= American Association for Applied Psychology =

For the American Association of Retired Persons, see AARP

The American Association for Applied Psychology (AAAP) was founded in 1937 as a national organization for clinical, consulting, educational, and business/industrial psychologists. It lasted for only eight years, merging with the American Psychological Association in 1945. Although short-lived, it has been claimed that some of its work led to what is now the basis of certain models of training in the field.

==Origins==
Applied psychologists who were without PhDs or did not have academic affiliations were not, early in the 20th century, given full membership privileges at the scientifically oriented American Psychological Association (APA). The AAAP, by contrast, accepted these psychologists.

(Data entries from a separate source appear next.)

lemma deriv_eq_0_at_local_min_of_divide:
  fixes p :: "real \<Rightarrow> real"
  assumes deriv: "(p has_real_derivative D) (at x)" and "m \<noteq> 0"
    and min: "\<forall>\<^sub>F y in at x. m / p x \<le> m / p y"
  shows "D = 0"
proof -
  have dq: "((\<lambda>y. m * p y) has_derivative (*) (m * D)) (at x)"
    using DERIV_cmult[OF deriv, of m] by (simp add: has_field_derivative_def)
  have "(*) (m * D) = (\<lambda>h. 0)"
  proof (cases "p x = 0")
    case True
    \<comment> \<open>then \<open>m / p x = 0\<close> by the convention \<open>m / 0 = 0\<close>, and \<open>m * p\<close> has a local minimum\<close>
    have "\<forall>\<^sub>F y in at x. m * p x \<le> m * p y"
      using min by eventually_elim (use True in \<open>auto simp: zero_le_divide_iff zero_le_mult_iff\<close>)
    then show ?thesis by (rule has_derivative_local_min[OF dq])
  next
    case False
    have "((\<lambda>y. p y * p x) \<longlongrightarrow> p x * p x) (at x)"
      using DERIV_isCont[OF deriv] unfolding isCont_def by (intro tendsto_intros)
    then have "\<forall>\<^sub>F y in at x. p y * p x > 0"
      by (rule order_tendstoD(1)) (use False not_real_square_gt_zero in blast)
    then have "\<forall>\<^sub>F y in at x. m * p y \<le> m * p x"
      using min
    proof eventually_elim
      case (elim y)
      then have "p y \<noteq> 0" by auto
      have "m / p x * (p y * p x) \<le> m / p y * (p y * p x)"
        using elim by (intro mult_right_mono) auto
      with \<open>p y \<noteq> 0\<close> False show ?case by (simp add: field_simps)
    qed
    then show ?thesis by (rule has_derivative_local_max[OF dq])
  qed
  then show "D = 0" using \<open>m \<noteq> 0\<close> by (metis mult_eq_0_iff mult.right_neutral)
qed

lemma matching_coefficients:
  fixes \<alpha> \<beta> u u' w w' k :: "'a::comm_ring"
  assumes match: "\<alpha> * u = \<beta> * w" and jump: "\<alpha> * u' - \<beta> * w' = k"
  shows "\<alpha> * (w * u' - w' * u) = k * w" and "\<beta> * (w * u' - w' * u) = k * u"
proof -
  have "\<alpha> * (w * u' - w' * u) = w * (\<alpha> * u') - w' * (\<alpha> * u)" by (simp add: algebra_simps)
  also have "\<dots> = w * (\<alpha> * u' - \<beta> * w')" by (simp add: match algebra_simps)
  finally show "\<alpha> * (w * u' - w' * u) = k * w" by (simp add: jump mult.commute)
  have "\<beta> * (w * u' - w' * u) = u' * (\<beta> * w) - u * (\<beta> * w')" by (simp add: algebra_simps)
  also have "\<dots> = u * (\<alpha> * u' - \<beta> * w')" by (simp add: match[symmetric] algebra_simps)
  finally show "\<beta> * (w * u' - w' * u) = k * u" by (simp add: jump mult.commute)
qed

lemma
  fixes f :: "'a::linorder_topology \<Rightarrow> 'b::topological_space"
  assumes "isCont f x"
  shows isCont_tendsto_at_left: "(f \<longlongrightarrow> f x) (at_left x)"
    and isCont_tendsto_at_right: "(f \<longlongrightarrow> f x) (at_right x)"
  using assms unfolding isCont_def filterlim_at_split by auto

lemma tendsto_unique_eventually_eq:
  fixes f g :: "'a \<Rightarrow> 'b::t2_space"
  assumes "F \<noteq> bot" "(f \<longlongrightarrow> a) F" "(g \<longlongrightarrow> b) F" "\<forall>\<^sub>F x in F. f x = g x"
  shows "a = b"
  using tendsto_unique[OF assms(1,2)] assms(3,4) by (simp add: tendsto_cong)

lemma
  fixes f :: "real \<Rightarrow> 'b::t2_space"
  assumes "a < b" and "\<forall>x\<in>{a<..<b}. f x = c"
  shows tendsto_at_right_eq_const: "(f \<longlongrightarrow> l) (at_right a) \<Longrightarrow> l = c"
    and tendsto_at_left_eq_const: "(f \<longlongrightarrow> l) (at_left b) \<Longrightarrow> l = c"
proof -
  show "l = c" if "(f \<longlongrightarrow> l) (at_right a)"
    using eventually_at_right_real[OF assms(1)] assms(2)
    by (intro tendsto_unique_eventually_eq[OF _ that tendsto_const]) (auto elim!: eventually_mono)
  show "l = c" if "(f \<longlongrightarrow> l) (at_left b)"
    using eventually_at_left_real[OF assms(1)] assms(2)
    by (intro tendsto_unique_eventually_eq[OF _ that tendsto_const]) (auto elim!: eventually_mono)
qed

locale neumann_green =
  fixes n :: nat and V :: "real \<Rightarrow> real" and G :: "real \<Rightarrow> real \<Rightarrow> real"
  assumes green: "green_fn n V G" and dim_pos: "n \<ge> 1"
begin

definition dG :: "real \<Rightarrow> real \<Rightarrow> real" where
  "dG s = deriv (\<lambda>x. G x s)"

definition dG_left :: "real \<Rightarrow> real" where
  "dG_left s = Lim (at_left s) (dG s)"

definition dG_right :: "real \<Rightarrow> real" where
  "dG_right s = Lim (at_right s) (dG s)"

definition wronskian :: "real \<Rightarrow> real \<Rightarrow> real \<Rightarrow> real" where
  "wronskian s t x = x ^ (n - 1) * (G x s * dG t x - dG s x * G x t)"

lemma
  assumes "s \<in> {0<..<1}" "x \<in> {0<..<1}" "x \<noteq> s"
  shows has_real_derivative_G: "((\<lambda>y. G y s) has_real_derivative dG s x) (at x)"
    and has_real_derivative_dG:
      "(dG s has_real_derivative V x * G x s - (real n - 1) / x * dG s x) (at x)"
proof -
  have "(\<lambda>x. G x s) differentiable (at x) \<and> deriv (\<lambda>x. G x s) differentiable (at x) \<and>
      - deriv (deriv (\<lambda>x. G x s)) x - (real n - 1) / x * deriv (\<lambda>x. G x s) x + V x * G x s = 0"
    using green assms unfolding green_fn_def by blast
  then show "((\<lambda>y. G y s) has_real_derivative dG s x) (at x)"
    and "(dG s has_real_derivative V x * G x s - (real n - 1) / x * dG s x) (at x)"
    by (auto simp: dG_def DERIV_deriv_iff_real_differentiable algebra_simps)
qed

lemma isCont_G: "s \<in> {0<..<1} \<Longrightarrow> x \<in> {0<..<1} \<Longrightarrow> isCont (\<lambda>y. G y s) x"
  using green unfolding green_fn_def by (meson continuous_on_eq_continuous_at open_greaterThanLessThan)

lemma isCont_dG: "s \<in> {0<..<1} \<Longrightarrow> x \<in> {0<..<1} \<Longrightarrow> x \<noteq> s \<Longrightarrow> isCont (dG s) x"
  by (rule DERIV_isCont[OF has_real_derivative_dG])

lemma
  assumes "s \<in> {0<..<1}"
  shows dG_tendsto_at_right_0: "(dG s \<longlongrightarrow> 0) (at_right 0)"
    and dG_tendsto_at_left_1: "(dG s \<longlongrightarrow> 0) (at_left 1)"
  using green assms unfolding green_fn_def dG_def by blast+

lemma
  assumes "s \<in> {0<..<1}"
  shows dG_tendsto_dG_left: "(dG s \<longlongrightarrow> dG_left s) (at_left s)"
    and dG_tendsto_dG_right: "(dG s \<longlongrightarrow> dG_right s) (at_right s)"
    and dG_jump: "dG_right s = dG_left s - 1"
proof -
  obtain a b where ab: "(dG s \<longlongrightarrow> a) (at_left s)" "(dG s \<longlongrightarrow> b) (at_right s)" "b - a = -1"
    using green assms unfolding green_fn_def dG_def by blast
  moreover have "dG_left s = a" "dG_right s = b"
    using ab unfolding dG_left_def dG_right_def by (auto intro: tendsto_Lim)
  ultimately show "(dG s \<longlongrightarrow> dG_left s) (at_left s)" "(dG s \<longlongrightarrow> dG_right s) (at_right s)"
    "dG_right s = dG_left s - 1" by auto
qed

lemma
  assumes s: "s \<in> {0<..<1}"
  shows Bfun_G_at_right_0: "Bfun (\<lambda>x. G x s) (at_right 0)"
    and Bfun_G_at_left_1: "Bfun (\<lambda>x. G x s) (at_left 1)"
proof -
  have "\<forall>\<^sub>F x in at_right 0. ((\<lambda>y. G y s) has_real_derivative dG s x) (at x)"
    using eventually_at_right_real[of 0 s] s
    by (auto elim!: eventually_mono intro: has_real_derivative_G)
  then show "Bfun (\<lambda>x. G x s) (at_right 0)"
    by (rule Bfun_at_right_of_deriv_tendsto[OF dG_tendsto_at_right_0[OF s]])
  have "\<forall>\<^sub>F x in at_left 1. ((\<lambda>y. G y s) has_real_derivative dG s x) (at x)"
    using eventually_at_left_real[of s 1] s
    by (auto elim!: eventually_mono intro: has_real_derivative_G)
  then show "Bfun (\<lambda>x. G x s) (at_left 1)"
    by (rule Bfun_at_left_of_deriv_tendsto[OF dG_tendsto_at_left_1[OF s]])
qed

lemma dG_eq_0_if_G_vanishes:
  assumes "\<forall>y\<in>{a<..<b}. G y s = 0" and "x \<in> {a<..<b}"
  shows "dG s x = 0"
proof -
  have "\<forall>\<^sub>F y in nhds x. G y s = 0"
    using assms by (auto intro: eventually_nhds_in_open[THEN eventually_mono])
  then show ?thesis
    unfolding dG_def by (simp add: deriv_cong_ev[of _ "\<lambda>_. 0"])
qed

It had grown from the New York Association of Consulting Psychologists (NYACP), established in 1921 through the efforts of Leta Hollingworth and others. A practitioner with a University of Pennsylvania PhD but no academic affiliation named David Mitchell became the NYACP's first president. The NYACP soon began reaching out to applied psychologists in other states, changing its name to the Association of Consulting Psychologists (ACP) in 1930.

==Creation of AAAP==
It was, ironically, at the 1936 meeting of the rival APA at Dartmouth College that a dinner meeting was held where it was decided to expand the ACP into a fully national organization called the AAAP. In 1937, the remnants of the old Clinical Section of the APA officially disbanded and re-formed as the first Division of the new AAAP. It was immediately followed by Divisions for Consulting, Educational, and Business/Industrial psychology. A Military Psychology Division was added later. The first president of the AAAP was Douglas H. Fryer. Later well-known presidents included Donald G. Paterson, Walter V. Bingham, Albert Poffenberger, and Carl Rogers. During World War II, the U.S. military had a great need of professionals to treat soldiers with battle fatigue and other mental illnesses. In response, a committee of the APA led by David Shakow, who had already started this work on a similar committee within the structure of the AAAP established formal guidelines for the training of the clinical psychologists. The guidelines established the scientist-practitioner model of training.

==Merger With APA==
At the end of the War, the APA and AAAP merged to form a new APA in which scientists and practitioners had equal standing in the association. The new organization adopted the divisional structure of the old AAAP, adding twelve new Divisions to the old AAAP's five (there are now over 50). The new APA also held meetings to establish guidelines for clinical training, essentially adopting David Shakow's earlier document at a landmark meeting in Boulder, Colorado.